That is, the lawyers acting for the defendant conceded that the law already understood this money balance as a debt (or mutuum), but they argued that the Testator at the time he wrote the will considered it a bailment. Whether the Testator really did think this is an open question, but even if he did this was most probably a mistaken and erroneous view on his part. The nature of the contract will probably have been a mutuum loan to the bank, a traditional and ancient legal contract that had been used by bankers for centuries and centuries – in fact all the way back to ancient Rome.

The lawyers acting for the defendant also exploited the “common opinion of mankind”: the mistaken belief that many people have that they continue to own the money they “deposit” at a bank. But this misunderstanding does not prove that the original contract really was a bailment (depositum regulare), or that fractional reserve banking had arisen by fraud in the UK.

The point above is enough to damn the whole libertarian interpretation of the case. If it was already admitted that the bank balance was legally a debt by lawyers acting for the defendant, then this strongly suggests that fractional reserve banking was already normally interpreted legally as a mutuum contract, not as a bailment.

The ruling of the judge was as follows:
“The Master of the Rolls
Was clear that the bill of exchange passed. He had entertained some doubt on the other point; but thought that the money which had been paid into the banker’s ought also to pass as a debt. This was not a depositum. A sealed bag of money might, indeed, be a depositum; but money paid in, generally, to a banker could not be so considered. He observed, that money had no ear-mark; that, when money is paid into a banker’s, he always opens a debtor and creditor account with the payor; The banker employs the money himself, and is liable merely to answer the drafts of his customer to that amount. This would clearly support a commission of bankrupt; it would not pass by the description of ready money; and, therefore, it must be considered as a debt, and must pass by that description.” (Merivale 1817: 543).
When the judge/Master of the Rolls Sir William Grant gave this ruling, he was not inventing some new legal principle, but drawing on centuries of legal tradition and banking practice.

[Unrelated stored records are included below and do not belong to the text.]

lemma (in sigma_finite_measure) set_integrable_iterated_bounded:
  fixes H :: "'a \<Rightarrow> 'a \<Rightarrow> 'b::{banach, second_countable_topology}"
  assumes H [measurable]: "(\<lambda>(x, y). H x y) \<in> borel_measurable (M \<Otimes>\<^sub>M M)"
    and A [measurable]: "A \<in> sets M" and A_finite: "emeasure M A < \<infinity>"
    and bound: "\<And>x y. norm (H x y) \<le> C"
  shows "y \<in> space M \<Longrightarrow> set_integrable M A (\<lambda>x. H x y)"
    and "set_integrable M A (\<lambda>y. LINT x:A|M. H x y)"
proof -
  show "set_integrable M A (\<lambda>x. H x y)" if "y \<in> space M"
  proof (rule set_integrable_bounded)
    show "(\<lambda>x. H x y) \<in> borel_measurable M" using that by measurable
  qed (use A_finite bound in auto)
  have "norm (LINT x:A|M. H x y) \<le> C * measure M A" if "y \<in> space M" for y
  proof (rule norm_set_integral_le)
    show "(\<lambda>x. H x y) \<in> borel_measurable M" using that by measurable
  qed (use A_finite bound in auto)
  then show "set_integrable M A (\<lambda>y. LINT x:A|M. H x y)"
  proof (rule set_integrable_bounded[rotated 3])
    show "(\<lambda>y. LINT x:A|M. H x y) \<in> borel_measurable M" by measurable
  qed (use A_finite sets.sets_into_space[OF A] in auto)
qed

locale folner_haar_group =
  fixes \<mu> :: "'g::{topological_ab_group_add, t2_space, second_countable_topology} measure"
    and \<Lambda> :: "nat \<Rightarrow> 'g set"
  assumes locally_compact: "locally_compact_space (euclidean :: 'g topology)"
    and haar: "haar_measure \<mu>"
    and folner: "folner_seq \<mu> \<Lambda>"
begin

lemma sets_eq [measurable_cong]: "sets \<mu> = sets borel"
  using haar_measure_sets[OF haar] .

lemma space_eq [simp]: "space \<mu> = UNIV"
  using sets_eq_imp_space_eq[OF sets_eq] by simp

sublocale sigma_finite_measure \<mu>
  using haar_measure_sigma_finite[OF locally_compact haar] .

lemma folner_sets [measurable]: "\<Lambda> m \<in> sets borel"
  using folner by (simp add: folner_seq_def compact_imp_closed)

lemma folner_sets_measure: "\<Lambda> m \<in> sets \<mu>"
  by (simp add: sets_eq)

lemma emeasure_folner_finite: "emeasure \<mu> (\<Lambda> m) < \<infinity>"
  using folner haar_measure_compact_finite[OF haar] by (simp add: folner_seq_def)

lemma measure_folner_pos: "0 < measure \<mu> (\<Lambda> m)"
proof -
  have "0 < emeasure \<mu> (\<Lambda> m)" using folner by (simp add: folner_seq_def)
  then show ?thesis
    using emeasure_folner_finite[of m] emeasure_eq_ennreal_measure[of \<mu> "\<Lambda> m"]
    by (auto simp: top.not_eq_extremum)
qed

lemma folner_average_translate:
  fixes F :: "'g \<Rightarrow> complex"
  assumes F: "F \<in> borel_measurable borel" and bound: "\<And>x. norm (F x) \<le> C"
    and lim: "(\<lambda>m. (LINT g:\<Lambda> m|\<mu>. F g) / of_real (measure \<mu> (\<Lambda> m))) \<longlonglongrightarrow> c"
  shows "(\<lambda>m. (LINT g:\<Lambda> m|\<mu>. F (g + h)) / of_real (measure \<mu> (\<Lambda> m))) \<longlonglongrightarrow> c"
proof -
  define S where "S m = (\<lambda>x. x + h) ` \<Lambda> m" for m
  define D where "D m = (\<Lambda> m - S m) \<union> (S m - \<Lambda> m)" for m
  define E where "E m = (LINT g:\<Lambda> m|\<mu>. F (g + h)) - (LINT g:\<Lambda> m|\<mu>. F g)" for m
  have S_compact: "compact (S m)" for m
    unfolding S_def using folner
    by (intro compact_continuous_image continuous_intros) (simp add: folner_seq_def)
  have F_\<mu>: "F \<in> borel_measurable \<mu>"
    using F by (simp add: measurable_cong_sets[OF sets_eq refl])
  have E_bound: "norm (E m) \<le> C * measure \<mu> (D m)" for m
  proof -
    have "S m \<in> sets \<mu>" "emeasure \<mu> (S m) < \<infinity>"
      using S_compact[of m] haar_measure_compact_finite[OF haar] by (auto simp: sets_eq compact_imp_closed)
    then show ?thesis
      unfolding E_def haar_set_integral_translate[OF haar F folner_sets] S_def[symmetric] D_def
      using norm_set_integral_diff_le[OF F_\<mu> _ _ _ emeasure_folner_finite bound] by (simp add: sets_eq)
  qed
  have ratio: "(\<lambda>m. measure \<mu> (D m) / measure \<mu> (\<Lambda> m)) \<longlonglongrightarrow> 0"
    using folner unfolding folner_seq_def D_def S_def by simp
  have "(\<lambda>m. E m / of_real (measure \<mu> (\<Lambda> m))) \<longlonglongrightarrow> 0"
  proof (rule Lim_null_comparison)
    show "\<forall>\<^sub>F m in sequentially. norm (E m / of_real (measure \<mu> (\<Lambda> m)))
        \<le> C * (measure \<mu> (D m) / measure \<mu> (\<Lambda> m))"
      using E_bound measure_folner_pos
      by (intro always_eventually allI) (simp add: norm_divide divide_right_mono)
    show "(\<lambda>m. C * (measure \<mu> (D m) / measure \<mu> (\<Lambda> m))) \<longlonglongrightarrow> 0"
      using tendsto_mult_right_zero[OF ratio] .
  qed
  from tendsto_add[OF this lim] show ?thesis
    using measure_folner_pos by (simp add: E_def diff_divide_distrib)
qed

lemma norm_folner_average_le:
  fixes F :: "'g \<Rightarrow> complex"
  assumes "F \<in> borel_measurable \<mu>" "\<And>x. norm (F x) \<le> C"
  shows "norm ((LINT g:\<Lambda> m|\<mu>. F g) / of_real (measure \<mu> (\<Lambda> m))) \<le> C"
proof -
  have "norm (LINT g:\<Lambda> m|\<mu>. F g) \<le> C * measure \<mu> (\<Lambda> m)"
    using assms by (intro norm_set_integral_le emeasure_folner_finite) (auto simp: sets_eq)
  then show ?thesis
    using measure_folner_pos[of m] by (simp add: norm_divide divide_le_eq)
qed

lemma folner_average_shift:
  fixes G :: "'g \<Rightarrow> 'g \<Rightarrow> complex"
  assumes G: "(\<lambda>(a, b). G a b) \<in> borel_measurable borel" and bound: "\<And>a b. norm (G a b) \<le> C"
    and lim: "(\<lambda>m. (LINT g:\<Lambda> m|\<mu>. G g (g + (- h1 + h2))) / of_real (measure \<mu> (\<Lambda> m))) \<longlonglongrightarrow> c"
  shows "(\<lambda>m. (LINT g:\<Lambda> m|\<mu>. G (g + h1) (g + h2)) / of_real (measure \<mu> (\<Lambda> m))) \<longlonglongrightarrow> c"
proof -
  have [measurable]: "(\<lambda>(a, b). G a b) \<in> borel_measurable (borel \<Otimes>\<^sub>M borel)"
    using G by (simp add: borel_prod)
  have "(\<lambda>m. (LINT g:\<Lambda> m|\<mu>. G (g + h1) (g + h1 + (- h1 + h2))) / of_real (measure \<mu> (\<Lambda> m)))
      \<longlonglongrightarrow> c"
    using bound lim by (intro folner_average_translate[where F="\<lambda>y. G y (y + (- h1 + h2))"]) auto
  then show ?thesis by (simp add: algebra_simps)
qed

lemma folner_average_limit_measurable_bounded:
  fixes G :: "'g \<Rightarrow> 'g \<Rightarrow> complex"
  assumes G: "(\<lambda>(a, b). G a b) \<in> borel_measurable borel" and bound: "\<And>a b. norm (G a b) \<le> C"
    and lim: "\<And>h. (\<lambda>m. (LINT g:\<Lambda> m|\<mu>. G g (g + h)) / of_real (measure \<mu> (\<Lambda> m))) \<longlonglongrightarrow> \<gamma> h"
  shows "\<gamma> \<in> borel_measurable borel" and "norm (\<gamma> h) \<le> C"
proof -
  have [measurable]: "(\<lambda>(a, b). G a b) \<in> borel_measurable (borel \<Otimes>\<^sub>M borel)"
    using G by (simp add: borel_prod)
  have "(\<lambda>h. (LINT g:\<Lambda> m|\<mu>. G g (g + h)) / of_real (measure \<mu> (\<Lambda> m))) \<in> borel_measurable \<mu>" for m
    by measurable
  then have "\<gamma> \<in> borel_measurable \<mu>"
    by (rule borel_measurable_LIMSEQ_metric) (rule lim)
  then show "\<gamma> \<in> borel_measurable borel"
    by (simp add: measurable_cong_sets[OF sets_eq refl])
  have "norm ((LINT g:\<Lambda> m|\<mu>. G g (g + h)) / of_real (measure \<mu> (\<Lambda> m))) \<le> C" for m
    using bound by (intro norm_folner_average_le) measurable
  then show "norm (\<gamma> h) \<le> C"
    using LIMSEQ_le_const2[OF tendsto_norm[OF lim[of h]]] by blast
qed

lemma folner_iterated_average_tendsto:
  fixes G :: "'g \<Rightarrow> 'g \<Rightarrow> complex"
  assumes G: "(\<lambda>(a, b). G a b) \<in> borel_measurable borel" and bound: "\<And>a b. norm (G a b) \<le> C"
    and lim: "\<And>h. (\<lambda>m. (LINT g:\<Lambda> m|\<mu>. G g (g + h)) / of_real (measure \<mu> (\<Lambda> m))) \<longlonglongrightarrow> \<gamma> h"
  shows "(\<lambda>m. (LINT h2:\<Lambda> n|\<mu>. LINT h1:\<Lambda> n|\<mu>. LINT g:\<Lambda> m|\<mu>. G (g + h1) (g + h2))
            / of_real (measure \<mu> (\<Lambda> m)))
         \<longlonglongrightarrow> (LINT h2:\<Lambda> n|\<mu>. LINT h1:\<Lambda> n|\<mu>. \<gamma> (- h1 + h2))"
proof -
  have [measurable]: "(\<lambda>(a, b). G a b) \<in> borel_measurable (borel \<Otimes>\<^sub>M borel)"
    using G by (simp add: borel_prod)
  note \<gamma>_measurable [measurable] = folner_average_limit_measurable_bounded(1)[OF G bound lim]
  define A where "A m h1 h2 = (LINT g:\<Lambda> m|\<mu>. G (g + h1) (g + h2)) / of_real (measure \<mu> (\<Lambda> m))"
    for m h1 h2
  have A_joint [measurable]: "(\<lambda>(h2, h1). A m h1 h2) \<in> borel_measurable (\<mu> \<Otimes>\<^sub>M \<mu>)" for m
    unfolding A_def by measurable
  have A_measurable: "(\<lambda>h1. A m h1 h2) \<in> borel_measurable \<mu>" for m h2
    by measurable
  have A_integral_measurable: "(\<lambda>h2. LINT h1:\<Lambda> n|\<mu>. A m h1 h2) \<in> borel_measurable \<mu>" for m
    using A_joint folner_sets_measure by (rule borel_measurable_set_integral_param)
  have \<gamma>_shift_measurable: "(\<lambda>h1. \<gamma> (- h1 + h2)) \<in> borel_measurable \<mu>" for h2
    by measurable
  have \<gamma>_joint: "(\<lambda>(h2, h1). \<gamma> (- h1 + h2)) \<in> borel_measurable (\<mu> \<Otimes>\<^sub>M \<mu>)"
    by measurable
  have \<gamma>_integral_measurable: "(\<lambda>h2. LINT h1:\<Lambda> n|\<mu>. \<gamma> (- h1 + h2)) \<in> borel_measurable \<mu>"
    using \<gamma>_joint folner_sets_measure by (rule borel_measurable_set_integral_param)
  have A_bound: "norm (A m h1 h2) \<le> C" for m h1 h2
    unfolding A_def using bound by (intro norm_folner_average_le) measurable
  have pointwise: "(\<lambda>m. A m h1 h2) \<longlonglongrightarrow> \<gamma> (- h1 + h2)" for h1 h2
    unfolding A_def using G bound lim by (rule folner_average_shift)
  have inner: "(\<lambda>m. LINT h1:\<Lambda> n|\<mu>. A m h1 h2) \<longlonglongrightarrow> (LINT h1:\<Lambda> n|\<mu>. \<gamma> (- h1 + h2))" for h2
    by (rule tendsto_set_integral_bounded[where F="\<lambda>m h1. A m h1 h2" and C=C])
       (rule folner_sets_measure emeasure_folner_finite A_measurable \<gamma>_shift_measurable
          A_bound pointwise)+
  have inner_bound: "norm (LINT h1:\<Lambda> n|\<mu>. A m h1 h2) \<le> C * measure \<mu> (\<Lambda> n)" for m h2
    by (rule norm_set_integral_le)
       (rule folner_sets_measure emeasure_folner_finite A_measurable A_bound)+
  have "(\<lambda>m. LINT h2:\<Lambda> n|\<mu>. LINT h1:\<Lambda> n|\<mu>. A m h1 h2)
      \<longlonglongrightarrow> (LINT h2:\<Lambda> n|\<mu>. LINT h1:\<Lambda> n|\<mu>. \<gamma> (- h1 + h2))"
    by (rule tendsto_set_integral_bounded[where F="\<lambda>m h2. LINT h1:\<Lambda> n|\<mu>. A m h1 h2"])
       (rule folner_sets_measure emeasure_folner_finite A_integral_measurable
          \<gamma>_integral_measurable inner_bound inner)+
  then show ?thesis by (simp add: A_def)
qed
(* Let $\Sigma$ be an oriented piecewise smooth surface whose anisotropic mean curvature $\Lambda$ is constant on $\Sigma^*$. Then on $\Sigma^*$, $$L[\gamma]=\Lambda^2-2K_\Sigma/K_W,$$ where $\gamma$ denotes $\gamma\circ\nu$.
   Context: $\Sigma^*$ is the union of the smooth faces of $\Sigma$, $\nu$ its unit normal. $\gamma$ is a positive $C^3$ function on $S^2$, $D\gamma$ its gradient on $S^2$, $\tilde\gamma$ its degree-one homogeneous extension, $A=D^2\gamma+\gamma I$ (evaluated at $\nu$). The Cahn–Hoffman field is $\xi=\nabla\tilde\gamma(\nu)=D\gamma_\nu+\gamma\nu$, $d\xi=A\,d\nu$, and $\Lambda=-\nabla\cdot\xi$. The Jacobi operator is $L[\psi]=\nabla\cdot(A\nabla\psi)+\langle d\xi,d\nu\rangle\psi$, which for a variation $\delta X=V+\psi\nu$ ($V$ tangent) gives $\delta\Lambda=L[\psi]+\nabla\Lambda\cdot V$. $K_\Sigma$ is the Gauss curvature of $\Sigma$ and $K_W=1/\det A$ is the Gauss curvature of the Wulff shape at $\xi$, so $K_\Sigma/K_W=\det d\xi$. *)

theory Defs
  imports "HOL-Analysis.Analysis"
begin

text \<open>Local setting: a smooth face of the piecewise smooth surface is given by a
  regular parametrization X : U \<subseteq> R^2 \<rightarrow> R^3 (U open), oriented by the
  normalized cross product of the coordinate tangent vectors.\<close>

fun Ck :: "nat \<Rightarrow> ('a::real_normed_vector \<Rightarrow> 'b::real_normed_vector) \<Rightarrow> 'a set \<Rightarrow> bool" where
  "Ck 0 f S = continuous_on S f"
| "Ck (Suc k) f S = (f differentiable_on S \<and> (\<forall>v. Ck k (\<lambda>x. frechet_derivative f (at x) v) S))"

definition ev :: "nat \<Rightarrow> real \<times> real" where
  "ev i = (if i = 0 then (1, 0) else (0, 1))"

definition pd :: "nat \<Rightarrow> (real \<times> real \<Rightarrow> 'b::real_normed_vector) \<Rightarrow> real \<times> real \<Rightarrow> 'b" where
  "pd i f x = frechet_derivative f (at x) (ev i)"

definition gmet :: "(real \<times> real \<Rightarrow> real^3) \<Rightarrow> nat \<Rightarrow> nat \<Rightarrow> real \<times> real \<Rightarrow> real" where
  "gmet X i j x = pd i X x \<bullet> pd j X x"

definition gdet :: "(real \<times> real \<Rightarrow> real^3) \<Rightarrow> real \<times> real \<Rightarrow> real" where
  "gdet X x = gmet X 0 0 x * gmet X 1 1 x - gmet X 0 1 x * gmet X 1 0 x"

definition ginv :: "(real \<times> real \<Rightarrow> real^3) \<Rightarrow> nat \<Rightarrow> nat \<Rightarrow> real \<times> real \<Rightarrow> real" where
  "ginv X i j x =
     (if i = 0 \<and> j = 0 then gmet X 1 1 x / gdet X x
      else if i = 1 \<and> j = 1 then gmet X 0 0 x / gdet X x
      else - gmet X i j x / gdet X x)"

definition nrm :: "(real \<times> real \<Rightarrow> real^3) \<Rightarrow> real \<times> real \<Rightarrow> real^3" where
  "nrm X x = (1 / norm (cross3 (pd 0 X x) (pd 1 X x))) *\<^sub>R cross3 (pd 0 X x) (pd 1 X x)"

definition sgrad :: "(real \<times> real \<Rightarrow> real^3) \<Rightarrow> (real \<times> real \<Rightarrow> real) \<Rightarrow> real \<times> real \<Rightarrow> real^3" where
  "sgrad X f x = (\<Sum>i<2. \<Sum>j<2. (ginv X i j x * pd j f x) *\<^sub>R pd i X x)"

definition sdiv :: "(real \<times> real \<Rightarrow> real^3) \<Rightarrow> (real \<times> real \<Rightarrow> real^3) \<Rightarrow> real \<times> real \<Rightarrow> real" where
  "sdiv X Y x = (\<Sum>i<2. \<Sum>j<2. ginv X i j x * (pd i Y x \<bullet> pd j X x))"

definition dinner :: "(real \<times> real \<Rightarrow> real^3) \<Rightarrow> (real \<times> real \<Rightarrow> real^3) \<Rightarrow> (real \<times> real \<Rightarrow> real^3) \<Rightarrow> real \<times> real \<Rightarrow> real" where
  "dinner X Y Z x = (\<Sum>i<2. \<Sum>j<2. ginv X i j x * (pd i Y x \<bullet> pd j Z x))"

text \<open>determinant of the endomorphism of the tangent plane T_x sending the
  coordinate tangent vector pd i X x to V i (V i assumed tangent)\<close>
definition tdet :: "(real \<times> real \<Rightarrow> real^3) \<Rightarrow> (nat \<Rightarrow> real^3) \<Rightarrow> real \<times> real \<Rightarrow> real" where
  "tdet X V x =
     (let M = (\<lambda>k i. \<Sum>j<2. ginv X k j x * (V i \<bullet> pd j X x))
      in M 0 0 * M 1 1 - M 0 1 * M 1 0)"

definition grad3 :: "(real^3 \<Rightarrow> real) \<Rightarrow> real^3 \<Rightarrow> real^3" where
  "grad3 F y = (\<chi> i. frechet_derivative F (at y) (axis i 1))"

definition gext :: "(real^3 \<Rightarrow> real) \<Rightarrow> real^3 \<Rightarrow> real" where
  "gext \<gamma> y = norm y * \<gamma> ((1 / norm y) *\<^sub>R y)"

text \<open>A = D^2\<gamma> + \<gamma> I at the unit vector n, realised as the Hessian of the
  homogeneous extension at n (acting on the tangent plane T_n S^2)\<close>
definition Amap :: "(real^3 \<Rightarrow> real) \<Rightarrow> real^3 \<Rightarrow> real^3 \<Rightarrow> real^3" where
  "Amap \<gamma> n w = frechet_derivative (grad3 (gext \<gamma>)) (at n) w"

definition cahn_hoffman :: "(real^3 \<Rightarrow> real) \<Rightarrow> (real \<times> real \<Rightarrow> real^3) \<Rightarrow> real \<times> real \<Rightarrow> real^3" where
  "cahn_hoffman \<gamma> X x = grad3 (gext \<gamma>) (nrm X x)"

definition aniso_mean_curv :: "(real^3 \<Rightarrow> real) \<Rightarrow> (real \<times> real \<Rightarrow> real^3) \<Rightarrow> real \<times> real \<Rightarrow> real" where
  "aniso_mean_curv \<gamma> X x = - sdiv X (cahn_hoffman \<gamma> X) x"

definition jacobi :: "(real^3 \<Rightarrow> real) \<Rightarrow> (real \<times> real \<Rightarrow> real^3) \<Rightarrow> (real \<times> real \<Rightarrow> real) \<Rightarrow> real \<times> real \<Rightarrow> real" where
  "jacobi \<gamma> X \<psi> x =
     sdiv X (\<lambda>y. Amap \<gamma> (nrm X y) (sgrad X \<psi> y)) x
     + dinner X (cahn_hoffman \<gamma> X) (nrm X) x * \<psi> x"

definition gauss_curv :: "(real \<times> real \<Rightarrow> real^3) \<Rightarrow> real \<times> real \<Rightarrow> real" where
  "gauss_curv X x = tdet X (\<lambda>i. pd i (nrm X) x) x"

text \<open>Gauss curvature of the Wulff shape at \<xi>: K_W = 1 / det A\<close>
definition wulff_curv :: "(real^3 \<Rightarrow> real) \<Rightarrow> (real \<times> real \<Rightarrow> real^3) \<Rightarrow> real \<times> real \<Rightarrow> real" where
  "wulff_curv \<gamma> X x = 1 / tdet X (\<lambda>i. Amap \<gamma> (nrm X x) (pd i X x)) x"

end

theory Submission
  imports Defs
begin

text \<open>
  Since \<xi> = \<nabla>\<gamma>~ \<circ> \<nu>, we have
  d\<xi> = A d\<nu>, and the gradient of \<gamma> \<circ> \<nu> is \<xi> \<cdot> d\<nu>; hence A \<nabla>(\<gamma> \<circ> \<nu>) = d\<xi>(\<xi>_T), where
  \<xi>_T = \<Sum>m. t_m X_m is the tangential part of \<xi>. Expanding div(d\<xi>(\<xi>_T)), the terms with second
  derivatives of \<xi> combine, by symmetry of mixed partials, into \<xi>_T \<cdot> \<nabla>(div \<xi>), which vanishes
  because \<Lambda> = -div \<xi> is constant. The normal component \<xi> \<cdot> \<nu> = \<gamma>(\<nu>) (Euler's relation for the
  1-homogeneous \<gamma>~) produces a term cancelling \<langle>d\<xi>, d\<nu>\<rangle>\<gamma>. What remains is
  tr(d\<xi> \<circ> d\<xi>) = (tr d\<xi>)^2 - 2 det d\<xi> = \<Lambda>^2 - 2 det d\<xi>, and det d\<xi> = det d\<nu> \<cdot> det A = K_\<Sigma>/K_W.
\<close>

section \<open>Partial derivatives in the parameter plane\<close>

lemma sum_lessThan_2: "(\<Sum>i<(2::nat). f i) = f 0 + f 1"
  by (simp add: numeral_2_eq_2)

lemma pd_eq_of_has_derivative: "(f has_derivative f') (at x) \<Longrightarrow> pd i f x = f' (ev i)"
  unfolding pd_def by (metis frechet_derivative_at)

lemma pd_cong_open:
  "open S \<Longrightarrow> x \<in> S \<Longrightarrow> (\<And>y. y \<in> S \<Longrightarrow> f y = g y) \<Longrightarrow> f differentiable at x \<Longrightarrow> pd i f x = pd i g x"
  unfolding pd_def using frechet_derivative_transform_within_open by metis

lemma differentiable_cong_open:
  "open S \<Longrightarrow> x \<in> S \<Longrightarrow> (\<And>y. y \<in> S \<Longrightarrow> f y = g y) \<Longrightarrow> f differentiable at x \<Longrightarrow> g differentiable at x"
  unfolding differentiable_def using has_derivative_transform_within_open by metis

lemmas has_derivative_frechet = frechet_derivative_works[THEN iffD1]

lemma pd_bilinear:
  fixes f :: "real \<times> real \<Rightarrow> 'a::real_normed_vector" and g :: "real \<times> real \<Rightarrow> 'b::real_normed_vector"
    and prod :: "'a \<Rightarrow> 'b \<Rightarrow> 'c::real_normed_vector"
  assumes "bounded_bilinear prod" "f differentiable at x" "g differentiable at x"
  shows "pd i (\<lambda>y. prod (f y) (g y)) x = prod (pd i f x) (g x) + prod (f x) (pd i g x)"
proof -
  have "((\<lambda>y. prod (f y) (g y)) has_derivative
      (\<lambda>h. prod (f x) (frechet_derivative g (at x) h) + prod (frechet_derivative f (at x) h) (g x))) (at x)"
    using bounded_bilinear.FDERIV[OF assms(1) has_derivative_frechet[OF assms(2)] has_derivative_frechet[OF assms(3)]] .
  then show ?thesis unfolding pd_def by (subst pd_eq_of_has_derivative[unfolded pd_def]) (auto simp: add.commute)
qed

lemma differentiable_bilinear:
  fixes f :: "'d::real_normed_vector \<Rightarrow> 'a::real_normed_vector" and g :: "'d \<Rightarrow> 'b::real_normed_vector"
    and prod :: "'a \<Rightarrow> 'b \<Rightarrow> 'c::real_normed_vector"
  assumes "bounded_bilinear prod" "f differentiable at x" "g differentiable at x"
  shows "(\<lambda>y. prod (f y) (g y)) differentiable at x"
  using bounded_bilinear.FDERIV[OF assms(1) has_derivative_frechet[OF assms(2)] has_derivative_frechet[OF assms(3)]]
  unfolding differentiable_def by blast

lemma pd_diff: "f differentiable at x \<Longrightarrow> g differentiable at x \<Longrightarrow> pd i (\<lambda>y. f y - g y) x = pd i f x - pd i g x"
  by (subst pd_eq_of_has_derivative[OF has_derivative_diff[OF has_derivative_frechet has_derivative_frechet]]) (auto simp: pd_def)

lemma pd_minus: "f differentiable at x \<Longrightarrow> pd i (\<lambda>y. - f y) x = - pd i f x"
  by (subst pd_eq_of_has_derivative[OF has_derivative_minus[OF has_derivative_frechet]]) (auto simp: pd_def)

lemma pd_const: "pd i (\<lambda>y. c) x = 0"
  by (subst pd_eq_of_has_derivative[OF has_derivative_const]) auto

lemma pd_sum: "finite A \<Longrightarrow> (\<And>a. a \<in> A \<Longrightarrow> f a differentiable at x) \<Longrightarrow> pd i (\<lambda>y. \<Sum>a\<in>A. f a y) x = (\<Sum>a\<in>A. pd i (f a) x)"
  by (subst pd_eq_of_has_derivative[OF has_derivative_sum[OF has_derivative_frechet]]) (auto simp: pd_def)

First let us consider this:
“This was not a depositum. A sealed bag of money might, indeed, be a depositum; but money paid in, generally, to a banker could not be so considered. He observed, that money had no ear-mark; that, when money is paid into a banker’s, he always opens a debtor and creditor account with the payor;” (Merivale 1817: 543).
The principle of distinguishing a bailment from a mutuum by handing over money sealed in a bag or box was an ancient tradition and already well known in the common law and civil law traditions of European nations.

The principle was this: money delivered to a banker without being sealed in a bag, sack or box was a mutuum loan to the banker (and not a bailment). This goes right back to ancient Roman law and banking practice (Reden 2012: 281). In the emperor Justinian’s Digest 19.2.31, this authoritative statement of Roman law tells us quite clearly that when money was left unsealed with someone (and implicitly even a banker) it was not a bailment, but a mutuum:
idem iuris esse in deposito: nam si quis pecuniam numeratam ita deposuisset, ut neque clusam neque obsignatam traderet, sed adnumeraret, nihil alius eum debere apud quem deposita esset, nisi tantundem pecuniae solveret.

“The same rule of law applies to deposits, for where a party has deposited a sum of money without having enclosed it in anything, or sealed it up, but simply after counting it, the party with whom it is left is not bound to do anything but repay the same amount of money [tantundem]” (Digest 19.2.31; trans. from Scott 1932).
Alternatively, if a person brought money to a banker sealed or enclosed in a bag or box, then the money became a bailment (or depositum regulare) and could not be used by the banker.

Sir William Grant, then, drew on previously established banking practice and legal tradition: he observed that the original money given to the banker by the testator had been unsealed in any bag or box (the “money had no ear-mark”), and consequently had to be considered a mutuum, not a bailment. His ruling that the money was not a bailment follows logically from his fact, and was not some radical, unprecedented ruling.

All in all, this case simply does not support the Rothbardian interpretation of it, and does not provide any evidence that fractional reserve banking arose essentially from fraud by goldsmiths as they stole gold or silver that had been left with them as bailments.

In reality, from the beginning, medieval and early modern European fractional reserve banking had a perfectly good legal basis in the mutuum contract: this was well defined in English law by the 18th century and almost certainly even earlier. Thomas Wood (1661–1722), an English Doctor of Civil Law (New College, Oxford) and eminent jurist, wrote the leading work on English law in the 18th century. In the 4th edition of A New Institute of the Imperial or Civil Law (1730; 1st edn. 1704), we have this definition of the mutuum:
“Mutuum (a Loan simply so call’d quod de meo tuum fiat [sc. “because let what is mine become yours”])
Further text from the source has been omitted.